Collected data:

########################################

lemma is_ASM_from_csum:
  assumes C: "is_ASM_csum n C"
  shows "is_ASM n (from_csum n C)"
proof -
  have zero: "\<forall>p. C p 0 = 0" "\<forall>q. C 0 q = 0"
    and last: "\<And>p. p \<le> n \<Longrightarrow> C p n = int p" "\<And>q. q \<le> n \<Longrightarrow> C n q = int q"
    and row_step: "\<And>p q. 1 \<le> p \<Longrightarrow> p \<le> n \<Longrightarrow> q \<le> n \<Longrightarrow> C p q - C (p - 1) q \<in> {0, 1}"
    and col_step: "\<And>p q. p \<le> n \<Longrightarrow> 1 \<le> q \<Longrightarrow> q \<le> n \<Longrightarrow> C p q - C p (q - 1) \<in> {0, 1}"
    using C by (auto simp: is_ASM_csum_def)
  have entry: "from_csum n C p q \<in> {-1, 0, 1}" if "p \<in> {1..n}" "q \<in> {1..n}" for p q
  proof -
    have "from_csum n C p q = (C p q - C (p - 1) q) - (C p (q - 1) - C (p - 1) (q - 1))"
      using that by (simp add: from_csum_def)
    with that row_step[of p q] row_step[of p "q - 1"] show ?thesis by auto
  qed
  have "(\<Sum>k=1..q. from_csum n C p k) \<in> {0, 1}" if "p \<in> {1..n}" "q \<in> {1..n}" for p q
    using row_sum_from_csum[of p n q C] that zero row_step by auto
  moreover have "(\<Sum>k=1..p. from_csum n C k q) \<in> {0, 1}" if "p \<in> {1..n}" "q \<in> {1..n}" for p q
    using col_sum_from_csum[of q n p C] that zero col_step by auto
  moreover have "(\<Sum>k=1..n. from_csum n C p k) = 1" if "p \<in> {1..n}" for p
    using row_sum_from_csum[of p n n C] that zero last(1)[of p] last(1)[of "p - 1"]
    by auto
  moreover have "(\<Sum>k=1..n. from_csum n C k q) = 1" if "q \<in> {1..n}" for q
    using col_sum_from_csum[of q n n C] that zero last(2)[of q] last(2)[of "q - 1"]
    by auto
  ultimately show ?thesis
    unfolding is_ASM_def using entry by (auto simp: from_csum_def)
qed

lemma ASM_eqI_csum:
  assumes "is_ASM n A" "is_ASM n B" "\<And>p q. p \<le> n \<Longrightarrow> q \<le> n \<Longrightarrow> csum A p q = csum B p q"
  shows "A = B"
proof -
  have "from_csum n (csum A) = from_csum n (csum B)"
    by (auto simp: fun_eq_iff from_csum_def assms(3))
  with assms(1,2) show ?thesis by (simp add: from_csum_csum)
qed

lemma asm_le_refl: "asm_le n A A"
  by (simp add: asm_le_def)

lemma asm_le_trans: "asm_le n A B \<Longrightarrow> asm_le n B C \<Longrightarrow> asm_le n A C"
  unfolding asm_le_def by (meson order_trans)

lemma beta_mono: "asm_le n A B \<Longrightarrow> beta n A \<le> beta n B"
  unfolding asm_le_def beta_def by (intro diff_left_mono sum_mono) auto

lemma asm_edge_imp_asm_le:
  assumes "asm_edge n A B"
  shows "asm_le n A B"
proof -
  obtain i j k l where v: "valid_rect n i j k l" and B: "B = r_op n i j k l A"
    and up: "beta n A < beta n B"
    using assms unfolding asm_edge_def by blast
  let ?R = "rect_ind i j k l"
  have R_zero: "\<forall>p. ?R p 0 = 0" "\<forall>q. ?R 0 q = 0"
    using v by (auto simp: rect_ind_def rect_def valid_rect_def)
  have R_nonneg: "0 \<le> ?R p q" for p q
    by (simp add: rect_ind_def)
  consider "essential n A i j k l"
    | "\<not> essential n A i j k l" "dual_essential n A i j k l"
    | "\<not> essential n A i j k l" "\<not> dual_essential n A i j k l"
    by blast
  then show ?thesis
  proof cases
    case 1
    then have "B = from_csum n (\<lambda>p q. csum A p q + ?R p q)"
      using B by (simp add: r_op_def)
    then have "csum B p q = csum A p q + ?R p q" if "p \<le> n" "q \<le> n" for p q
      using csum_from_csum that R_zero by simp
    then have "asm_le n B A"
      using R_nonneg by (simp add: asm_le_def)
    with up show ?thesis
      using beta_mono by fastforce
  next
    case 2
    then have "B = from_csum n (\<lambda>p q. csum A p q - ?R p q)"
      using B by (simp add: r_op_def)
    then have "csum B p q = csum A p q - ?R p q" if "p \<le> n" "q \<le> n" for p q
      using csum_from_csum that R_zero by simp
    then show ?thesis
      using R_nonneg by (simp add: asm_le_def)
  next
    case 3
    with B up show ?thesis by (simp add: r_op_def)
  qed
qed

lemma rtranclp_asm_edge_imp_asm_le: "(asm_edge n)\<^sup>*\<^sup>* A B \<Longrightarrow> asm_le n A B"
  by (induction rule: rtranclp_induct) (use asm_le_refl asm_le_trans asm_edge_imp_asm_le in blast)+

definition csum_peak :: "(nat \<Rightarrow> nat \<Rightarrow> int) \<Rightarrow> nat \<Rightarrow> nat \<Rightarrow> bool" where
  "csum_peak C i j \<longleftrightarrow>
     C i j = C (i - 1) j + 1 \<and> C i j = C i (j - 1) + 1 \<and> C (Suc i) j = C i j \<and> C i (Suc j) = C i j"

########################################

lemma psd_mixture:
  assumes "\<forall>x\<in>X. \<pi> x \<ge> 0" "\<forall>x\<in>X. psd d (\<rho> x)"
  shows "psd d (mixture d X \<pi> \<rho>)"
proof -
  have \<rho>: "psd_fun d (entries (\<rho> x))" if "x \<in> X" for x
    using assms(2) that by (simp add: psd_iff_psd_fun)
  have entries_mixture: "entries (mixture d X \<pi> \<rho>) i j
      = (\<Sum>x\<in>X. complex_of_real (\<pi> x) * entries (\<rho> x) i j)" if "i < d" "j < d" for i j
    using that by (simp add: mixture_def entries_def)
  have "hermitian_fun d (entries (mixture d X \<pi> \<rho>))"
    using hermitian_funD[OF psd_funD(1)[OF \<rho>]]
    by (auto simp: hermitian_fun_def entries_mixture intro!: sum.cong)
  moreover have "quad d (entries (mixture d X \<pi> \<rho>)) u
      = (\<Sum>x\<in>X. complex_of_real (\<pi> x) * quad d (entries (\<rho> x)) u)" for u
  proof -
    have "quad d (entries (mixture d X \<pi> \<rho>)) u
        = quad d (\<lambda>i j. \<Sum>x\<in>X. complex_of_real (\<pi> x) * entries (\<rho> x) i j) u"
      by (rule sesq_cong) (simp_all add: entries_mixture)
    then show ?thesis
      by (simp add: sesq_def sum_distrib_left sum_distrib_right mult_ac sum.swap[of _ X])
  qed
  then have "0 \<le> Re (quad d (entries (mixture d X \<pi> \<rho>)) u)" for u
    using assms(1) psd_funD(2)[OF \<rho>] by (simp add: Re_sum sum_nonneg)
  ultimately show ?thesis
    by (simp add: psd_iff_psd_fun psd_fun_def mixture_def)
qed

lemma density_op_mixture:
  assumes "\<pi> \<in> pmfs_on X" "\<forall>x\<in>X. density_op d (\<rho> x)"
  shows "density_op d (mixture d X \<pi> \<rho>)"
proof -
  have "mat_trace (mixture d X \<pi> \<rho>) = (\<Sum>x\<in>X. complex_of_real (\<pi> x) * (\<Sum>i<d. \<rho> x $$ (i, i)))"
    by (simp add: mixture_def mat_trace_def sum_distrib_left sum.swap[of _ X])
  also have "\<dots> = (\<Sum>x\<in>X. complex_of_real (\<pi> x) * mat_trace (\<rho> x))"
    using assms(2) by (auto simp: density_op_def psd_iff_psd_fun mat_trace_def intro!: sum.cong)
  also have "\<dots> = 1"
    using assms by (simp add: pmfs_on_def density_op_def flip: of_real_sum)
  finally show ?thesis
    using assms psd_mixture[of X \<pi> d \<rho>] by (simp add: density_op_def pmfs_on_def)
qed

########################################

TASK DIRECTIONS
Take every line from the data that contains the word "thesis".

TASK SOLUTION
    with that row_step[of p q] row_step[of p "q - 1"] show ?thesis by auto
  ultimately show ?thesis
  with assms(1,2) show ?thesis by (simp add: from_csum_csum)
  then show ?thesis
    with up show ?thesis
    then show ?thesis
    with B up show ?thesis by (simp add: r_op_def)
    then show ?thesis
  ultimately show ?thesis
  finally show ?thesis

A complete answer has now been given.